City leaders hoped Comcast Arena would revive a stagnant downtown when it opened in the fall of 2003. Originally known as the Everett Events Center, it’s a public arena, community ice rink and conference space with towering twin masts and is a recognizable symbol of Everett. It’s brought big-name acts to the city such as Justin Bieber, Cher and the Black Eyed Peas. Last year we reported on the arena’s financing and governance, and today we update those data.
Who owns Comcast Arena?
The Everett Public Facilities District, a municipal corporation, was created to own and oversee the $71.5 million arena. The district took on $54 million in debt to build the facility, and final payment is scheduled for 2036.
A board of five volunteers, appointed by the Everett City Council, governs the district. A private company, Global Spectrum, will be paid more than $153,000 this year to manage day-to-day operations. That includes hiring, maintenance, event booking and marketing. Jeff Schumacher of Global Spectrum is the new general manager of the arena. In 2027, ownership of the events center passes to the city of Everett.
How it makes money
The arena makes most of its money from events, concessions, catering and an indoor community ice rink. Two sports teams call Comcast Arena home, and the arena earns a portion of every game ticket and hot dog sold. The arena couldn’t survive financially without other revenue, including tax dollars and city and county grants. The arena’s debt payment last year was $920,000.
Comcast Arena net income
The arena is pulling in enough money to pay its bills, with $691,690 of net revenue in 2012. That’s up quite a bit from a meager 2011, when the arena had income of only $329,869. So far in 2013, Comcast Arena has booked $932,023 in revenue. The arena takes any revenue remaining after expenses are paid and stashes it in a reserve account for lean years.

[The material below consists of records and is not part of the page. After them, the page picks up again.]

(* Let $n$ be a positive odd integer. Then $$ \sum_{k=0}^{n-1}\frac{(aq;q^2)_k\,(-q/a;q^2)_k\, q^{2k}}{(q^2;q^2)_k} \equiv (-1)^{(n-1)/2} q^{(n^2-1)/2} \pmod{(1-aq^n)(a+q^n)}, $$ and $$ \sum_{k=0}^{n-1}\frac{(aq;q^2)_k\,(q/a;q^2)_k\, q^{2k}}{(q^2;q^2)_k} \equiv q^{(n^2-1)/2} \pmod{(1-aq^n)(a-q^n)}. $$
   Context: $a,q$ are indeterminates. The $q$-shifted factorial is $(y;q)_0=1$ and $(y;q)_m=(1-y)(1-yq)\cdots(1-yq^{m-1})$ for $m\geqslant1$. For rational functions $A,B$ and a polynomial $P$, $A\equiv B\pmod P$ means $A-B=P\cdot C/D$ for polynomials $C,D$ with $D$ coprime to $P$. *)

theory Defs
  imports "HOL-Computational_Algebra.Polynomial" "HOL-Computational_Algebra.Fraction_Field"
begin

text \<open>Bivariate polynomials in the indeterminates a, q with integer coefficients:
  polynomials in a whose coefficients are polynomials in q.\<close>
type_synonym bipoly = "int poly poly"
type_synonym ratfun = "bipoly fract"

definition var_a :: bipoly where "var_a = [:0, 1:]"
definition var_q :: bipoly where "var_q = [:[:0, 1:]:]"

definition to_rf :: "bipoly \<Rightarrow> ratfun" where "to_rf p = Fract p 1"

definition qpoch :: "'a::comm_ring_1 \<Rightarrow> 'a \<Rightarrow> nat \<Rightarrow> 'a" where
  "qpoch y q m = (\<Prod>j<m. 1 - y * q ^ j)"

definition cong_rf :: "ratfun \<Rightarrow> ratfun \<Rightarrow> bipoly \<Rightarrow> bool" where
  "cong_rf A B P \<longleftrightarrow> (\<exists>C D. D \<noteq> 0 \<and> coprime D P \<and> A - B = Fract (P * C) D)"

end

theory Submission
  imports Defs "HOL-Computational_Algebra.Polynomial_Factorial"
begin

text \<open>
  Write n = 2m + 1 and p = q^2, and let s be \<plusminus>1 (any nonzero s in \<int>[q] works).
  Modulo 1 - aq^n we have aq \<equiv> p^(-m) and sq/a \<equiv> s p^(m+1); modulo a - sq^n the two values
  are exchanged. As the summand is symmetric in these two parameters, modulo either factor the
  sum becomes the terminating q-Chu--Vandermonde sum
  \<Sum>_k (p^(-m);p)_k (b;p)_k p^k / (p;p)_k = b^m with b = s p^(m+1), and b^m = s^m q^((n^2-1)/2).
  The two factors are coprime, so the congruences combine. All congruences live in the ring of
  fractions whose denominators are coprime to the modulus, where they behave like congruences
  modulo an ideal.
\<close>

lemma qpoch_0 [simp]: "qpoch y q 0 = 1"
  by (simp add: qpoch_def)

lemma qpoch_Suc: "qpoch y q (Suc k) = qpoch y q k * (1 - y * q ^ k)"
  by (simp add: qpoch_def)

lemma qpoch_Suc_shift: "qpoch y q (Suc k) = (1 - y) * qpoch (y * q) q k"
  unfolding qpoch_def by (subst prod.lessThan_Suc_shift) (simp add: mult_ac)

lemma qpoch_inverse_power_eq_0:
  assumes "w * p = 1" and "m < k"
  shows "qpoch (w ^ m) p k = 0"
proof -
  have "1 - w ^ m * p ^ m = 0"
    using assms(1) by (simp add: power_mult_distrib [symmetric])
  then show ?thesis
    unfolding qpoch_def using assms(2) by (intro prod_zero) auto
qed

lemma qpoch_Suc_mult_power:
  assumes "w * p = 1"
  shows "qpoch (w * y) p (Suc k) * p ^ Suc k = qpoch y p (Suc k) - qpoch y p k * (1 - p ^ Suc k)"
proof -
  have wyp: "w * y * p = y" and "(1 - w * y) * p = p - y"
    using assms by (simp_all add: algebra_simps) (metis mult.assoc mult.commute mult_1)+
  have "qpoch (w * y) p (Suc k) * p ^ Suc k = (1 - w * y) * p * p ^ k * qpoch y p k"
    unfolding qpoch_Suc_shift wyp by (simp add: mult_ac)
  also have "\<dots> = qpoch y p k * (p - y) * p ^ k"
    by (simp only: \<open>(1 - w * y) * p = p - y\<close>) (simp add: mult_ac)
  finally show ?thesis
    by (simp add: qpoch_Suc algebra_simps)
qed

lemma qpoch_inverse_power_ratio_Suc:
  fixes p :: "'a::field"
  assumes "p \<noteq> 0" and "qpoch p p (Suc k) \<noteq> 0"
  shows "qpoch (inverse p ^ Suc m) p (Suc k) / qpoch p p (Suc k) * p ^ Suc k
    = qpoch (inverse p ^ m) p (Suc k) / qpoch p p (Suc k) - qpoch (inverse p ^ m) p k / qpoch p p k"
proof -
  have poch_Suc: "qpoch p p (Suc k) = qpoch p p k * (1 - p ^ Suc k)"
    by (simp add: qpoch_Suc)
  then have "qpoch p p k \<noteq> 0" and "1 - p ^ Suc k \<noteq> 0"
    using assms(2) by simp_all
  then have "qpoch (inverse p ^ m) p (Suc k) / qpoch p p (Suc k) - qpoch (inverse p ^ m) p k / qpoch p p k
      = (qpoch (inverse p ^ m) p (Suc k) - qpoch (inverse p ^ m) p k * (1 - p ^ Suc k))
        / qpoch p p (Suc k)"
    unfolding poch_Suc by (simp add: field_simps)
  also have "\<dots> = qpoch (inverse p ^ Suc m) p (Suc k) / qpoch p p (Suc k) * p ^ Suc k"
    using qpoch_Suc_mult_power [of "inverse p" p "inverse p ^ m" k] assms(1) by simp
  finally show ?thesis ..
qed

lemma qchu_vandermonde:
  fixes p b :: "'a::field"
  assumes p: "p \<noteq> 0" and "\<And>j. qpoch p p j \<noteq> 0" and "m < N"
  shows "(\<Sum>k<N. qpoch (inverse p ^ m) p k * qpoch b p k * p ^ k / qpoch p p k) = b ^ m"
  using \<open>m < N\<close>
proof (induction m arbitrary: N)
  case 0
  then obtain M where N: "N = Suc M"
    by (cases N) auto
  have "qpoch 1 p (Suc k) = 0" for k
    by (simp add: qpoch_Suc_shift)
  then show ?case
    unfolding N sum.lessThan_Suc_shift by simp
next
  case (Suc m)
  then obtain M where N: "N = Suc M" and "m < M"
    by (cases N) auto
  define e where "e j k = qpoch (inverse p ^ j) p k / qpoch p p k" for j k
  define f where "f k = e m k * qpoch b p k" for k
  have term_e: "qpoch (inverse p ^ j) p k * qpoch b p k * p ^ k / qpoch p p k
      = e j k * qpoch b p k * p ^ k" for j k
    by (simp add: e_def)
  have e_Suc: "e (Suc m) (Suc k) * p ^ Suc k = e m (Suc k) - e m k" for k
    unfolding e_def using p assms(2) by (rule qpoch_inverse_power_ratio_Suc)
  have step: "e (Suc m) (Suc k) * qpoch b p (Suc k) * p ^ Suc k
      = f (Suc k) - f k + b * (e m k * qpoch b p k * p ^ k)" for k
  proof -
    have "e (Suc m) (Suc k) * qpoch b p (Suc k) * p ^ Suc k
        = (e m (Suc k) - e m k) * qpoch b p (Suc k)"
      by (simp only: e_Suc [symmetric] mult_ac)
    also have "\<dots> = f (Suc k) - f k + b * (e m k * qpoch b p k * p ^ k)"
      by (simp add: f_def qpoch_Suc algebra_simps)
    finally show ?thesis .
  qed
  have "f 0 = 1"
    by (simp add: f_def e_def)
  have "f M = 0"
    using qpoch_inverse_power_eq_0 [OF _ \<open>m < M\<close>, of "inverse p" p] p by (simp add: f_def e_def)
  have IH: "(\<Sum>k<M. e m k * qpoch b p k * p ^ k) = b ^ m"
    using Suc.IH [OF \<open>m < M\<close>] by (simp only: term_e)
  have "(\<Sum>k<N. e (Suc m) k * qpoch b p k * p ^ k)
      = 1 + (\<Sum>k<M. e (Suc m) (Suc k) * qpoch b p (Suc k) * p ^ Suc k)"
    unfolding N sum.lessThan_Suc_shift by (simp add: e_def)
  also have "\<dots> = 1 + (\<Sum>k<M. f (Suc k) - f k) + b * (\<Sum>k<M. e m k * qpoch b p k * p ^ k)"
    by (simp only: step sum.distrib sum_distrib_left add.assoc)
  also have "\<dots> = b ^ Suc m"
    using \<open>f 0 = 1\<close> \<open>f M = 0\<close> by (simp add: sum_lessThan_telescope IH)
  finally show ?case
    unfolding term_e .
qed

definition local_fract :: "'a::{idom,semiring_gcd} \<Rightarrow> 'a fract set" where
  "local_fract P = {Fract c d |c d. d \<noteq> 0 \<and> coprime d P}"

definition local_ideal :: "'a::{idom,semiring_gcd} \<Rightarrow> 'a \<Rightarrow> 'a fract set" where
  "local_ideal P I = {Fract I 1 * x |x. x \<in> local_fract P}"

definition local_cong :: "'a::{idom,semiring_gcd} \<Rightarrow> 'a \<Rightarrow> 'a fract \<Rightarrow> 'a fract \<Rightarrow> bool" where
  "local_cong P I x y \<longleftrightarrow> x - y \<in> local_ideal P I"

lemma Fract_in_local_fract: "d \<noteq> 0 \<Longrightarrow> coprime d P \<Longrightarrow> Fract c d \<in> local_fract P"
  by (auto simp: local_fract_def)

lemma Fract_1_in_local_fract [simp]: "Fract c 1 \<in> local_fract P"
  by (simp add: Fract_in_local_fract)

lemma zero_in_local_fract [simp]: "0 \<in> local_fract P"
  by (simp add: Zero_fract_def)

lemma one_in_local_fract [simp]: "1 \<in> local_fract P"
  by (simp add: One_fract_def)

lemma inverse_Fract_1_in_local_fract:
  assumes "coprime d P"
  shows "inverse (Fract d 1) \<in> local_fract P"
  using assms by (cases "d = 0") (simp_all add: eq_fract(2) Fract_in_local_fract)

lemma local_fract_add:
  assumes "x \<in> local_fract P" and "y \<in> local_fract P"
  shows "x + y \<in> local_fract P"
proof -
  obtain c d c' d' where "d \<noteq> 0" "coprime d P" "x = Fract c d" "d' \<noteq> 0" "coprime d' P" "y = Fract c' d'"
    using assms by (auto simp: local_fract_def)
  then show ?thesis
    by (simp add: Fract_in_local_fract)
qed

lemma local_fract_uminus:
  assumes "x \<in> local_fract P"
  shows "- x \<in> local_fract P"
proof -
  obtain c d where "d \<noteq> 0" "coprime d P" "x = Fract c d"
    using assms by (auto simp: local_fract_def)
  then show ?thesis
    by (simp add: Fract_in_local_fract)
qed

lemma local_fract_mult:
  assumes "x \<in> local_fract P" and "y \<in> local_fract P"
  shows "x * y \<in> local_fract P"
proof -
  obtain c d c' d' where "d \<noteq> 0" "coprime d P" "x = Fract c d" "d' \<noteq> 0" "coprime d' P" "y = Fract c' d'"
    using assms by (auto simp: local_fract_def)
  then show ?thesis
    by (simp add: Fract_in_local_fract)
qed

lemma local_fract_diff: "x \<in> local_fract P \<Longrightarrow> y \<in> local_fract P \<Longrightarrow> x - y \<in> local_fract P"
  using local_fract_add local_fract_uminus by (metis diff_conv_add_uminus)

lemma local_fract_power: "x \<in> local_fract P \<Longrightarrow> x ^ k \<in> local_fract P"
  by (induction k) (simp_all add: local_fract_mult)

lemma local_fract_qpoch:
  "x \<in> local_fract P \<Longrightarrow> q \<in> local_fract P \<Longrightarrow> qpoch x q k \<in> local_fract P"
  by (induction k) (simp_all add: qpoch_Suc local_fract_mult local_fract_diff local_fract_power)

lemma zero_in_local_ideal: "0 \<in> local_ideal P I"
  unfolding local_ideal_def by (auto intro: exI [of _ 0])

lemma local_ideal_iff:
  "x \<in> local_ideal P I \<longleftrightarrow> (\<exists>c d. d \<noteq> 0 \<and> coprime d P \<and> x = Fract (I * c) d)"
proof
  assume "x \<in> local_ideal P I"
  then obtain c d where "d \<noteq> 0" "coprime d P" "x = Fract I 1 * Fract c d"
    by (auto simp: local_ideal_def local_fract_def)
  then show "\<exists>c d. d \<noteq> 0 \<and> coprime d P \<and> x = Fract (I * c) d"
    by (intro exI [of _ c] exI [of _ d]) simp
next
  assume "\<exists>c d. d \<noteq> 0 \<and> coprime d P \<and> x = Fract (I * c) d"
  then obtain c d where "d \<noteq> 0" "coprime d P" "x = Fract I 1 * Fract c d"
    by auto
  moreover have "Fract c d \<in> local_fract P"
    using calculation by (simp add: Fract_in_local_fract)
  ultimately show "x \<in> local_ideal P I"
    unfolding local_ideal_def by blast
qed

lemma local_ideal_add:
  assumes "x \<in> local_ideal P I" and "y \<in> local_ideal P I"
  shows "x + y \<in> local_ideal P I"
proof -
  obtain u v where "u \<in> local_fract P" "v \<in> local_fract P" "x = Fract I 1 * u" "y = Fract I 1 * v"
    using assms by (auto simp: local_ideal_def)
  then have "x + y = Fract I 1 * (u + v)" and "u + v \<in> local_fract P"
    by (simp_all add: distrib_left local_fract_add)
  then show ?thesis
    by (auto simp: local_ideal_def)
qed

lemma local_ideal_mult:
  assumes "z \<in> local_fract P" and "x \<in> local_ideal P I"
  shows "z * x \<in> local_ideal P I"
proof -
  obtain u where "u \<in> local_fract P" "x = Fract I 1 * u"
    using assms(2) by (auto simp: local_ideal_def)
  then have "z * x = Fract I 1 * (z * u)" and "z * u \<in> local_fract P"
    using assms(1) by (simp_all add: mult.left_commute local_fract_mult)
  then show ?thesis
    by (auto simp: local_ideal_def)
qed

Top single-day events by paid attendance
|5||An Evening with the Cure||8/31/2004||8,066|
|10||Third Day with Toby Mac||5/16/2004||7,846|
|11||Black Eyed Peas||5/15/2006||7,754|
|16||So You Think You Can Dance||11/21/2009||7,295|
|19||So You Think You Can Dance||11/28/2007||6,843|
- A naming-rights agreement with Comcast Cable Management provides $334,750 annually plus other benefits.
- The Western Hockey League’s Everett Silvertips, the arena’s main tenant, provides about $475,000 a year in revenue.
- Debt remaining on the arena: $51.0 million.